lemma sum_dual_obj_le:
  "(\<Sum>k<N. F (xk (Suc k)))
    \<le> inner z (\<Sum>k<N. b - A *v yx (xk k)) - (\<Sum>k<N. \<phi> (yx (xk k))) + L / 2 * (norm z)\<^sup>2"
proof -
  define g where "g k = b - A *v yx (xk k)" for k
  have "(\<Sum>k<N. F (xk (Suc k)))
      \<le> (\<Sum>k<N. inner z (g k) - \<phi> (yx (xk k))
              + L / 2 * ((norm (xk k - z))\<^sup>2 - (norm (xk (Suc k) - z))\<^sup>2))"
    unfolding g_def by (rule sum_mono) (rule gradient_step_bound[OF gradient_step])
  also have "\<dots> = (\<Sum>k<N. inner z (g k) - \<phi> (yx (xk k)))
      + L / 2 * (\<Sum>k<N. (norm (xk k - z))\<^sup>2 - (norm (xk (Suc k) - z))\<^sup>2)"
    by (simp only: sum.distrib sum_distrib_left)
  also have "\<dots> = inner z (\<Sum>k<N. g k) - (\<Sum>k<N. \<phi> (yx (xk k)))
      + L / 2 * ((norm (xk 0 - z))\<^sup>2 - (norm (xk N - z))\<^sup>2)"
    unfolding sum_lessThan_telescope'[of "\<lambda>k. (norm (xk k - z))\<^sup>2"]
    by (simp only: sum_subtractf inner_sum_right)
  also have "\<dots> \<le> inner z (\<Sum>k<N. g k) - (\<Sum>k<N. \<phi> (yx (xk k))) + L / 2 * (norm z)\<^sup>2"
    by (intro add_left_mono mult_left_mono) (use x0 L_nonneg in auto)
  finally show ?thesis unfolding g_def .
qed

lemma averaged_primal_in: "1 \<le> N \<Longrightarrow> (1 / real N) *\<^sub>R (\<Sum>k<N. yx (xk k)) \<in> Q"
  using convex_on_mean_le(1)[OF convex_phi, of "{..<N}" "\<lambda>k. yx (xk k)"] yx_in
  by (auto simp: lessThan_empty_iff)

lemma averaged_gap_le:
  assumes "1 \<le> N"
  shows "F ((1 / real N) *\<^sub>R (\<Sum>k=1..N. xk k)) + \<phi> ((1 / real N) *\<^sub>R (\<Sum>k<N. yx (xk k)))
    \<le> inner z (b - A *v ((1 / real N) *\<^sub>R (\<Sum>k<N. yx (xk k)))) + L / (2 * real N) * (norm z)\<^sup>2"
proof -
  define ybar where "ybar = (1 / real N) *\<^sub>R (\<Sum>k<N. yx (xk k))"
  have F_mean: "F ((1 / real N) *\<^sub>R (\<Sum>k=1..N. xk k)) \<le> (1 / real N) * (\<Sum>k<N. F (xk (Suc k)))"
    using convex_on_mean_le(2)[OF convex_dual_obj, of "{1..N}" xk] assms
    by (simp add: sum.atLeast1_atMost_eq)
  have phi_mean: "\<phi> ybar \<le> (1 / real N) * (\<Sum>k<N. \<phi> (yx (xk k)))"
    using convex_on_mean_le(2)[OF convex_phi, of "{..<N}" "\<lambda>k. yx (xk k)"] yx_in assms
    by (auto simp: ybar_def lessThan_empty_iff)
  have "(\<Sum>k<N. b - A *v yx (xk k)) = real N *\<^sub>R (b - A *v ybar)"
    using assms by (simp add: ybar_def sum_subtractf sum_constant_scaleR matrix_vector_mult_sum
        matrix_vector_mult_scaleR scaleR_diff_right del: sum_constant)
  then have "(\<Sum>k<N. F (xk (Suc k))) + (\<Sum>k<N. \<phi> (yx (xk k)))
      \<le> real N * inner z (b - A *v ybar) + L / 2 * (norm z)\<^sup>2"
    using sum_dual_obj_le[of N z] by simp
  then have "(1 / real N) * ((\<Sum>k<N. F (xk (Suc k))) + (\<Sum>k<N. \<phi> (yx (xk k))))
      \<le> inner z (b - A *v ybar) + L / (2 * real N) * (norm z)\<^sup>2"
    using assms by (simp add: divide_le_eq field_simps)
  with F_mean phi_mean show ?thesis by (simp add: ybar_def distrib_left)
qed

lemma averaged_gap_and_residual_le:
  assumes N: "1 \<le> N" and xstar_opt: "\<And>x. F xstar \<le> F x"
  shows "F ((1 / real N) *\<^sub>R (\<Sum>k=1..N. xk k)) + \<phi> ((1 / real N) *\<^sub>R (\<Sum>k<N. yx (xk k)))
      \<le> 2 * L * (norm xstar)\<^sup>2 / real N"
    and "norm (A *v ((1 / real N) *\<^sub>R (\<Sum>k<N. yx (xk k))) - b) \<le> 2 * L * norm xstar / real N"
proof -
  define xbar ybar where "xbar = (1 / real N) *\<^sub>R (\<Sum>k=1..N. xk k)"
    and "ybar = (1 / real N) *\<^sub>R (\<Sum>k<N. yx (xk k))"
  have "inner xstar (b - A *v ybar) - \<phi> ybar \<le> F xbar"
    using dual_obj_ge[OF averaged_primal_in[OF N], of xstar] xstar_opt[of xbar]
    by (simp add: ybar_def)
  moreover have "- inner xstar (b - A *v ybar) \<le> norm xstar * norm (b - A *v ybar)"
    using norm_cauchy_schwarz[of "- xstar" "b - A *v ybar"] by simp
  ultimately have lower: "- norm xstar * norm (b - A *v ybar) \<le> F xbar + \<phi> ybar"
    by linarith
  have "0 \<le> L / (2 * real N)" by (rule divide_nonneg_nonneg) (use L_nonneg in auto)
  note bounds = quadratic_model_bounds[OF averaged_gap_le[OF N, folded xbar_def ybar_def]
      lower norm_ge_zero this]
  from bounds(1) show "F xbar + \<phi> ybar \<le> 2 * L * (norm xstar)\<^sup>2 / real N"
    by simp
  from bounds(2) show "norm (A *v ybar - b) \<le> 2 * L * norm xstar / real N"
    by (simp add: norm_minus_commute)
qed

end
• • •
Problem to solve: The response should consist of the entries above, retyped exactly.

Completed task:
lemma sum_dual_obj_le:
  "(\<Sum>k<N. F (xk (Suc k)))
    \<le> inner z (\<Sum>k<N. b - A *v yx (xk k)) - (\<Sum>k<N. \<phi> (yx (xk k))) + L / 2 * (norm z)\<^sup>2"
proof -
  define g where "g k = b - A *v yx (xk k)" for k
  have "(\<Sum>k<N. F (xk (Suc k)))
      \<le> (\<Sum>k<N. inner z (g k) - \<phi> (yx (xk k))
              + L / 2 * ((norm (xk k - z))\<^sup>2 - (norm (xk (Suc k) - z))\<^sup>2))"
    unfolding g_def by (rule sum_mono) (rule gradient_step_bound[OF gradient_step])
  also have "\<dots> = (\<Sum>k<N. inner z (g k) - \<phi> (yx (xk k)))
      + L / 2 * (\<Sum>k<N. (norm (xk k - z))\<^sup>2 - (norm (xk (Suc k) - z))\<^sup>2)"
    by (simp only: sum.distrib sum_distrib_left)
  also have "\<dots> = inner z (\<Sum>k<N. g k) - (\<Sum>k<N. \<phi> (yx (xk k)))
      + L / 2 * ((norm (xk 0 - z))\<^sup>2 - (norm (xk N - z))\<^sup>2)"
    unfolding sum_lessThan_telescope'[of "\<lambda>k. (norm (xk k - z))\<^sup>2"]
    by (simp only: sum_subtractf inner_sum_right)
  also have "\<dots> \<le> inner z (\<Sum>k<N. g k) - (\<Sum>k<N. \<phi> (yx (xk k))) + L / 2 * (norm z)\<^sup>2"
    by (intro add_left_mono mult_left_mono) (use x0 L_nonneg in auto)
  finally show ?thesis unfolding g_def .
qed

lemma averaged_primal_in: "1 \<le> N \<Longrightarrow> (1 / real N) *\<^sub>R (\<Sum>k<N. yx (xk k)) \<in> Q"
  using convex_on_mean_le(1)[OF convex_phi, of "{..<N}" "\<lambda>k. yx (xk k)"] yx_in
  by (auto simp: lessThan_empty_iff)

lemma averaged_gap_le:
  assumes "1 \<le> N"
  shows "F ((1 / real N) *\<^sub>R (\<Sum>k=1..N. xk k)) + \<phi> ((1 / real N) *\<^sub>R (\<Sum>k<N. yx (xk k)))
    \<le> inner z (b - A *v ((1 / real N) *\<^sub>R (\<Sum>k<N. yx (xk k)))) + L / (2 * real N) * (norm z)\<^sup>2"
proof -
  define ybar where "ybar = (1 / real N) *\<^sub>R (\<Sum>k<N. yx (xk k))"
  have F_mean: "F ((1 / real N) *\<^sub>R (\<Sum>k=1..N. xk k)) \<le> (1 / real N) * (\<Sum>k<N. F (xk (Suc k)))"
    using convex_on_mean_le(2)[OF convex_dual_obj, of "{1..N}" xk] assms
    by (simp add: sum.atLeast1_atMost_eq)
  have phi_mean: "\<phi> ybar \<le> (1 / real N) * (\<Sum>k<N. \<phi> (yx (xk k)))"
    using convex_on_mean_le(2)[OF convex_phi, of "{..<N}" "\<lambda>k. yx (xk k)"] yx_in assms
    by (auto simp: ybar_def lessThan_empty_iff)
  have "(\<Sum>k<N. b - A *v yx (xk k)) = real N *\<^sub>R (b - A *v ybar)"
    using assms by (simp add: ybar_def sum_subtractf sum_constant_scaleR matrix_vector_mult_sum
        matrix_vector_mult_scaleR scaleR_diff_right del: sum_constant)
  then have "(\<Sum>k<N. F (xk (Suc k))) + (\<Sum>k<N. \<phi> (yx (xk k)))
      \<le> real N * inner z (b - A *v ybar) + L / 2 * (norm z)\<^sup>2"
    using sum_dual_obj_le[of N z] by simp
  then have "(1 / real N) * ((\<Sum>k<N. F (xk (Suc k))) + (\<Sum>k<N. \<phi> (yx (xk k))))
      \<le> inner z (b - A *v ybar) + L / (2 * real N) * (norm z)\<^sup>2"
    using assms by (simp add: divide_le_eq field_simps)
  with F_mean phi_mean show ?thesis by (simp add: ybar_def distrib_left)
qed

lemma averaged_gap_and_residual_le:
  assumes N: "1 \<le> N" and xstar_opt: "\<And>x. F xstar \<le> F x"
  shows "F ((1 / real N) *\<^sub>R (\<Sum>k=1..N. xk k)) + \<phi> ((1 / real N) *\<^sub>R (\<Sum>k<N. yx (xk k)))
      \<le> 2 * L * (norm xstar)\<^sup>2 / real N"
    and "norm (A *v ((1 / real N) *\<^sub>R (\<Sum>k<N. yx (xk k))) - b) \<le> 2 * L * norm xstar / real N"
proof -
  define xbar ybar where "xbar = (1 / real N) *\<^sub>R (\<Sum>k=1..N. xk k)"
    and "ybar = (1 / real N) *\<^sub>R (\<Sum>k<N. yx (xk k))"
  have "inner xstar (b - A *v ybar) - \<phi> ybar \<le> F xbar"
    using dual_obj_ge[OF averaged_primal_in[OF N], of xstar] xstar_opt[of xbar]
    by (simp add: ybar_def)
  moreover have "- inner xstar (b - A *v ybar) \<le> norm xstar * norm (b - A *v ybar)"
    using norm_cauchy_schwarz[of "- xstar" "b - A *v ybar"] by simp
  ultimately have lower: "- norm xstar * norm (b - A *v ybar) \<le> F xbar + \<phi> ybar"
    by linarith
  have "0 \<le> L / (2 * real N)" by (rule divide_nonneg_nonneg) (use L_nonneg in auto)
  note bounds = quadratic_model_bounds[OF averaged_gap_le[OF N, folded xbar_def ybar_def]
      lower norm_ge_zero this]
  from bounds(1) show "F xbar + \<phi> ybar \<le> 2 * L * (norm xstar)\<^sup>2 / real N"
    by simp
  from bounds(2) show "norm (A *v ybar - b) \<le> 2 * L * norm xstar / real N"
    by (simp add: norm_minus_commute)
qed

end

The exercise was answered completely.